Is OLAP necessary? ›

The main advantage of OLAP is the speed of query execution. A correctly designed cube usually processes a typical user query within 5 seconds. The data will always be right at your fingertips to refer to while there is a necessity to rapidly take an important decision.

Top Articles
Latest Posts
Article information

Author: Sen. Ignacio Ratke

Last Updated:

Views: 6082

Rating: 4.6 / 5 (76 voted)

Reviews: 83% of readers found this page helpful

Author information

Name: Sen.

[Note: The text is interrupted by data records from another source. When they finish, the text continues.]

(* Suppose the matrix $A=D_\mu(I-\gamma P)$ has at least one non-real eigenvalue. Then there exists a differentiable function approximator $V:\mathbb{R}^d\to\mathbb{R}^n$ such that the TD dynamics $\dot\theta=-\nabla V(\theta)^T A\,(V(\theta)-V^* )$ diverge: for any initial parameters $\theta_0$, $\Vert V(\theta(t))-V^*\Vert\to\infty$ as $t\to\infty$. Moreover, such a $V$ can be chosen so that $\nabla V(\theta)$ has rank $n-1$ for all $\theta$.
   Context: A Markov reward process has finite state space with $n$ states, transition matrix $P$ defining an irreducible, aperiodic Markov chain with stationary distribution $\mu$, a finite reward function $r(s,s')$, and discount factor $\gamma\in[0,1)$. Let $R(s)=\mathbb{E}_{s'\sim P(\cdot|s)}[r(s,s')]$ and $V^*\in\mathbb{R}^n$ the unique solution of $V^*=R+\gamma PV^*$. $D_\mu=\mathrm{diag}(\mu)$. $\nabla V(\theta)$ is the $n\times d$ Jacobian of $V$. *)

theory Defs
  imports "HOL-Analysis.Analysis"
begin

fun mpow :: "real^'n^'n \<Rightarrow> nat \<Rightarrow> real^'n^'n" where
  "mpow P 0 = mat 1"
| "mpow P (Suc k) = P ** mpow P k"

definition stochastic :: "real^'n^'n \<Rightarrow> bool" where
  "stochastic P \<longleftrightarrow> (\<forall>i j. P$i$j \<ge> 0) \<and> (\<forall>i. (\<Sum>j\<in>UNIV. P$i$j) = 1)"

definition irreducible_chain :: "real^'n^'n \<Rightarrow> bool" where
  "irreducible_chain P \<longleftrightarrow> (\<forall>i j. \<exists>k. mpow P k $ i $ j > 0)"

definition period :: "real^'n^'n \<Rightarrow> 'n \<Rightarrow> nat" where
  "period P i = Gcd {k. k \<ge> 1 \<and> mpow P k $ i $ i > 0}"

definition aperiodic_chain :: "real^'n^'n \<Rightarrow> bool" where
  "aperiodic_chain P \<longleftrightarrow> (\<forall>i. period P i = 1)"

definition stationary_distribution :: "real^'n^'n \<Rightarrow> real^'n \<Rightarrow> bool" where
  "stationary_distribution P \<mu> \<longleftrightarrow>
     (\<forall>i. \<mu>$i \<ge> 0) \<and> (\<Sum>i\<in>UNIV. \<mu>$i) = 1 \<and> \<mu> v* P = \<mu>"

definition diag_mat :: "real^'n \<Rightarrow> real^'n^'n" where
  "diag_mat v = (\<chi> i j. if i = j then v$i else 0)"

definition cmat :: "real^'n^'m \<Rightarrow> complex^'n^'m" where
  "cmat A = (\<chi> i j. complex_of_real (A$i$j))"

definition is_eigenvalue :: "real^'n^'n \<Rightarrow> complex \<Rightarrow> bool" where
  "is_eigenvalue A c \<longleftrightarrow> (\<exists>v::complex^'n. v \<noteq> 0 \<and> cmat A *v v = c *s v)"

definition exp_reward :: "real^'n^'n \<Rightarrow> ('n \<Rightarrow> 'n \<Rightarrow> real) \<Rightarrow> real^'n" where
  "exp_reward P r = (\<chi> s. \<Sum>s'\<in>UNIV. P$s$s' * r s s')"

definition td_field :: "real^'n^'n \<Rightarrow> real^'n \<Rightarrow> (real^'d \<Rightarrow> real^'n)
     \<Rightarrow> (real^'d \<Rightarrow> real^'d \<Rightarrow> real^'n) \<Rightarrow> real^'d \<Rightarrow> real^'d" where
  "td_field A Vs V V' \<theta> = - (transpose (matrix (V' \<theta>)) *v (A *v (V \<theta> - Vs)))"

end

theory Submission
  imports Defs
begin

(*
  A = D_mu (I - gamma P) is positive definite: mu > 0 by irreducibility, and P is a contraction
  for the mu-weighted norm.  A non-real eigenvalue of A is also one of A^T, so A^T leaves a plane U
  invariant on which the skew part of the form x . A y does not vanish; in a suitable basis f1, f2
  of U this form has matrix [[1, k], [-k, 1]] with k <> 0.  For a unit vector e1 in U put
  V(y) = V* + G(e1 . y) + Q y, where Q is the orthogonal projection onto the complement of U and
  G(s) = e^s (cos phi(s) f1 + sin phi(s) f2) is a spiral turning just fast enough that
  G'(s) . A G(s) = -1.  As A maps the complement of U into itself, the TD field moves e1 . y at
  unit speed, so along every trajectory ||V - V*|| >= ||G(s0 + t)|| grows like e^t; the other
  coordinates follow a linear inhomogeneous ODE, which has global solutions.  The range of the
  Jacobian is the hyperplane orthogonal to G'(s) turned by a right angle inside U, so its rank
  is n - 1.  Parameters beyond the first n are absorbed by a matrix M with M M^T = I.
*)

section \<open>Linear inhomogeneous ODEs\<close>

lemma has_integral_power_from_0:
  assumes "0 \<le> t"
  shows "((\<lambda>\<tau>::real. \<tau> ^ m) has_integral t ^ Suc m / Suc m) {0..t}"
proof -
  have "((\<lambda>\<tau>::real. \<tau> ^ m) has_integral t ^ Suc m / Suc m - 0 ^ Suc m / Suc m) {0..t}"
  proof (intro fundamental_theorem_of_calculus assms ballI)
    fix x :: real
    have "((\<lambda>x. x ^ Suc m / Suc m) has_real_derivative x ^ m) (at x)"
      by (rule derivative_eq_intros refl | simp del: of_nat_Suc)+
    then show "((\<lambda>x. x ^ Suc m / Suc m) has_vector_derivative x ^ m) (at x within {0..t})"
      by (simp add: has_real_derivative_iff_has_vector_derivative has_vector_derivative_at_within)
  qed
  then show ?thesis by simp
qed

primrec picard_iterate :: "('a::banach \<Rightarrow> 'a) \<Rightarrow> (real \<Rightarrow> 'a) \<Rightarrow> 'a \<Rightarrow> nat \<Rightarrow> real \<Rightarrow> 'a" where
  "picard_iterate K f y0 0 = (\<lambda>t. y0)"
| "picard_iterate K f y0 (Suc m) = (\<lambda>t. y0 + integral {0..t} (\<lambda>\<tau>. K (picard_iterate K f y0 m \<tau>) + f \<tau>))"

definition picard_limit :: "('a::banach \<Rightarrow> 'a) \<Rightarrow> (real \<Rightarrow> 'a) \<Rightarrow> 'a \<Rightarrow> real \<Rightarrow> 'a" where
  "picard_limit K f y0 t = y0 + (\<Sum>i. picard_iterate K f y0 (Suc i) t - picard_iterate K f y0 i t)"

context
  fixes K :: "'a::banach \<Rightarrow> 'a" and f :: "real \<Rightarrow> 'a" and y0 :: 'a
  assumes K: "bounded_linear K" and f: "continuous_on UNIV f"
begin

lemma continuous_on_picard_iterate: "continuous_on {0..T} (picard_iterate K f y0 m)"
proof (induction m arbitrary: T)
  case 0
  then show ?case by simp
next
  case (Suc m)
  have "continuous_on {0..T} (\<lambda>\<tau>. K (picard_iterate K f y0 m \<tau>) + f \<tau>)"
    by (intro continuous_intros bounded_linear.continuous_on[OF K] Suc continuous_on_subset[OF f]) auto
  then have "continuous_on {0..T} (\<lambda>t. integral {0..t} (\<lambda>\<tau>. K (picard_iterate K f y0 m \<tau>) + f \<tau>))"
    by (intro indefinite_integral_continuous_1 integrable_continuous_real)
  then show ?case by (simp add: continuous_intros)
qed

lemma integrable_picard_integrand:
  "(\<lambda>\<tau>. K (picard_iterate K f y0 m \<tau>) + f \<tau>) integrable_on {0..t}"
  by (intro integrable_continuous_real continuous_intros bounded_linear.continuous_on[OF K]
      continuous_on_picard_iterate continuous_on_subset[OF f]) auto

Ignacio Ratke

Birthday: 1999-05-27

Address: Apt. 171 8116 Bailey Via, Roberthaven, GA 58289

Phone: +2585395768220

Job: Lead Liaison

Hobby: Lockpicking, LARPing, Lego building, Lapidary, Macrame, Book restoration, Bodybuilding

Introduction: My name is Sen. Ignacio Ratke, I am a adventurous, zealous, outstanding, agreeable, precious, excited, gifted person who loves writing and wants to share my knowledge and understanding with you.